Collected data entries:
text \<open>On the odd cycle of length 2\<kappa>+1 the matching {1,2}, {3,4}, ..., {2\<kappa>-1,2\<kappa>} is maximum,
  so the verifier accepts the prover's labels. If all labels have at most b bits and
  \<kappa> > 8 \<cdot> 4^b, two positions i < j of equal parity carry the same labels on (i, i+1) and
  (j, j+1); cutting out i+1..j gives a shorter odd cycle that is still accepted. Repeating this
  we reach an accepted odd cycle of length m \<le> \<kappa>. Its double cover, the even cycle of length
  2m with the lifted output and labels, is accepted as well, since every node sees what its image
  saw. But the even cycle is bipartite, hence in the universe, and the lifted matching has
  m - 1 < m \<kappa> / (\<kappa> + 1) edges while a perfect matching has m: a no-instance. So
  \<kappa> \<le> 8 \<cdot> 4^b, i.e. b \<ge> ln \<kappa> / 5.\<close>

section \<open>Cycles as port-numbered graphs\<close>

definition cycle_pred :: "nat \<Rightarrow> nat \<Rightarrow> nat" where
  "cycle_pred N v = (v + (N - 1)) mod N"

definition cycle_succ :: "nat \<Rightarrow> nat \<Rightarrow> nat" where
  "cycle_succ N v = Suc v mod N"

definition cycle_nbrs :: "nat \<Rightarrow> nat \<Rightarrow> nat list" where
  "cycle_nbrs N v = [cycle_pred N v, cycle_succ N v]"

abbreviation accepts_on_cycle ::
  "(nat option \<Rightarrow> bool list \<Rightarrow> bool list list \<Rightarrow> bool) \<Rightarrow> nat \<Rightarrow> (nat \<Rightarrow> nat option) \<Rightarrow>
   (nat \<Rightarrow> bool list) \<Rightarrow> bool" where
  "accepts_on_cycle D N out L \<equiv> verifier_accepts D {0..<N} (cycle_nbrs N) out L"

lemma cycle_pred_eq: "v < N \<Longrightarrow> cycle_pred N v = (if v = 0 then N - 1 else v - 1)"
  by (cases v) (auto simp: cycle_pred_def)

lemma cycle_succ_eq: "v < N \<Longrightarrow> cycle_succ N v = (if Suc v = N then 0 else Suc v)"
  by (auto simp: cycle_succ_def mod_Suc)

lemma cycle_pred_succ: "v < N \<Longrightarrow> cycle_pred N (cycle_succ N v) = v"
  by (auto simp: cycle_pred_eq cycle_succ_eq)

lemma cycle_succ_pred: "v < N \<Longrightarrow> cycle_succ N (cycle_pred N v) = v"
  by (auto simp: cycle_pred_eq cycle_succ_eq)

lemma adj_cycle_nbrs: "adj (cycle_nbrs N) x y \<longleftrightarrow> y = cycle_pred N x \<or> y = cycle_succ N x"
  by (auto simp: adj_def cycle_nbrs_def)

lemma verifier_accepts_cycle:
  "accepts_on_cycle D N out L \<longleftrightarrow>
     (\<forall>v<N. D (out v) (L v) [L (cycle_pred N v), L (cycle_succ N v)])"
  by (auto simp: verifier_accepts_def cycle_nbrs_def)

lemma cycle_reachable:
  assumes "u < N"
  shows "(u, (u + k) mod N) \<in> {(x, y). x \<in> {0..<N} \<and> adj (cycle_nbrs N) x y}\<^sup>*"
proof (induction k)
  case (Suc k)
  have "cycle_succ N ((u + k) mod N) = (u + Suc k) mod N"
    by (simp add: cycle_succ_def mod_Suc_eq)
  then show ?case
    using Suc assms by (auto simp: adj_cycle_nbrs intro: rtrancl_into_rtrancl)
qed (simp add: assms)

lemma port_graph_cycle:
  assumes "3 \<le> N"
  shows "port_graph {0..<N} (cycle_nbrs N)"
  unfolding port_graph_def
proof (intro conjI ballI)
  fix v assume "v \<in> {0..<N}"
  then show "distinct (cycle_nbrs N v)" "set (cycle_nbrs N v) \<subseteq> {0..<N}" "v \<notin> set (cycle_nbrs N v)"
    using assms by (auto simp: cycle_nbrs_def cycle_pred_eq cycle_succ_eq)
next
  fix v u assume "v \<in> {0..<N}" "u \<in> set (cycle_nbrs N v)"
  then show "v \<in> set (cycle_nbrs N u)"
    by (auto simp: cycle_nbrs_def cycle_pred_succ cycle_succ_pred)
next
  fix u v assume "u \<in> {0..<N}" "v \<in> {0..<N}"
  then show "(u, v) \<in> {(x, y). x \<in> {0..<N} \<and> adj (cycle_nbrs N) x y}\<^sup>*"
    using cycle_reachable[of u N "v + N - u"] by simp
qed (use assms in auto)

lemma is_cycle_even_if_two_coloured:
  fixes col :: "nat \<Rightarrow> bool"
  assumes cyc: "is_cycle V nb cs"
    and col: "\<And>x y. x \<in> set cs \<Longrightarrow> y \<in> set cs \<Longrightarrow> adj nb x y \<Longrightarrow> col x \<noteq> col y"
  shows "even (length cs)"
proof -
  have len: "3 \<le> length cs" and step: "\<forall>i < length cs - 1. adj nb (cs ! i) (cs ! Suc i)"
    and close: "adj nb (last cs) (hd cs)"
    using cyc by (simp_all add: is_cycle_def)
  have alternate: "col (cs ! i) \<longleftrightarrow> (col (cs ! 0) \<longleftrightarrow> even i)" if "i < length cs" for i
    using that
  proof (induction i)
    case (Suc i)
    then show ?case using col[of "cs ! i" "cs ! Suc i"] step by auto
  qed simp
  have "col (cs ! (length cs - 1)) \<noteq> col (cs ! 0)"
  proof -
    have "cs \<noteq> []" using len by auto
    then show ?thesis
      using col[OF last_in_set hd_in_set close] by (simp add: last_conv_nth hd_conv_nth)
  qed
  moreover have "length cs - 1 < length cs"
    using len by simp
  ultimately have "odd (length cs - 1)"
    using alternate by blast
  then show ?thesis
    using len by simp
qed

lemma odd_girth_even_cycle:
  assumes "even N"
  shows "odd_girth_at_least {0..<N} (cycle_nbrs N) g"
  unfolding odd_girth_at_least_def
proof (intro allI impI)
  fix cs assume cs: "is_cycle {0..<N} (cycle_nbrs N) cs \<and> odd (length cs)"
  have "even (length cs)"
  proof (rule is_cycle_even_if_two_coloured[of "{0..<N}" _ _ odd])
    fix x y assume "x \<in> set cs" "adj (cycle_nbrs N) x y"
    then have "x < N" "y = cycle_pred N x \<or> y = cycle_succ N x"
      using cs by (auto simp: is_cycle_def adj_cycle_nbrs)
    then show "odd x \<noteq> odd y"
      using assms by (auto simp: cycle_pred_eq cycle_succ_eq; presburger)
  qed (use cs in simp)
  with cs show "g \<le> length cs" by simp
qed

lemma odd_girth_cycle: "odd_girth_at_least {0..<N} (cycle_nbrs N) N"
  unfolding odd_girth_at_least_def
proof (intro allI impI)
  fix cs assume cs: "is_cycle {0..<N} (cycle_nbrs N) cs \<and> odd (length cs)"
  have sub: "set cs \<subseteq> {0..<N}" and dis: "distinct cs"
    using cs by (simp_all add: is_cycle_def)
  show "N \<le> length cs"
  proof (rule ccontr)
    assume "\<not> N \<le> length cs"
    then have "set cs \<noteq> {0..<N}"
      using distinct_card[OF dis] by auto
    then obtain w where w: "w < N" "w \<notin> set cs"
      using sub by (metis atLeastLessThan_iff subsetI subset_antisym)
    text \<open>Away from the missing vertex w the cycle is a path, two-coloured by the parity of
      the distance from w.\<close>
    define col where "col v = odd (if w < v then v - w - 1 else v + N - w - 1)" for v
    have succ_flips: "col (cycle_succ N x) \<noteq> col x" if "x \<in> set cs" "cycle_succ N x \<in> set cs" for x
    proof -
      have "x < N" "x \<noteq> w" "cycle_succ N x \<noteq> w"
        using that sub w by auto
      then show ?thesis
        using w by (auto simp: col_def cycle_succ_eq)
    qed
    have "even (length cs)"
    proof (rule is_cycle_even_if_two_coloured[of "{0..<N}" _ _ col])
      fix x y assume xy: "x \<in> set cs" "y \<in> set cs" "adj (cycle_nbrs N) x y"
      then consider "x = cycle_succ N y" | "y = cycle_succ N x"
        using sub by (auto simp: adj_cycle_nbrs cycle_succ_pred)
      then show "col x \<noteq> col y"
        using succ_flips xy by metis
    qed (use cs in simp)
    with cs show False by simp
  qed
qed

# [TASK REQUIREMENTS]
For every line above that holds the word "parity", report the whole line.

# [REPLY TO THE EXERCISE]
  \<kappa> > 8 \<cdot> 4^b, two positions i < j of equal parity carry the same labels on (i, i+1) and
    text \<open>Away from the missing vertex w the cycle is a path, two-coloured by the parity of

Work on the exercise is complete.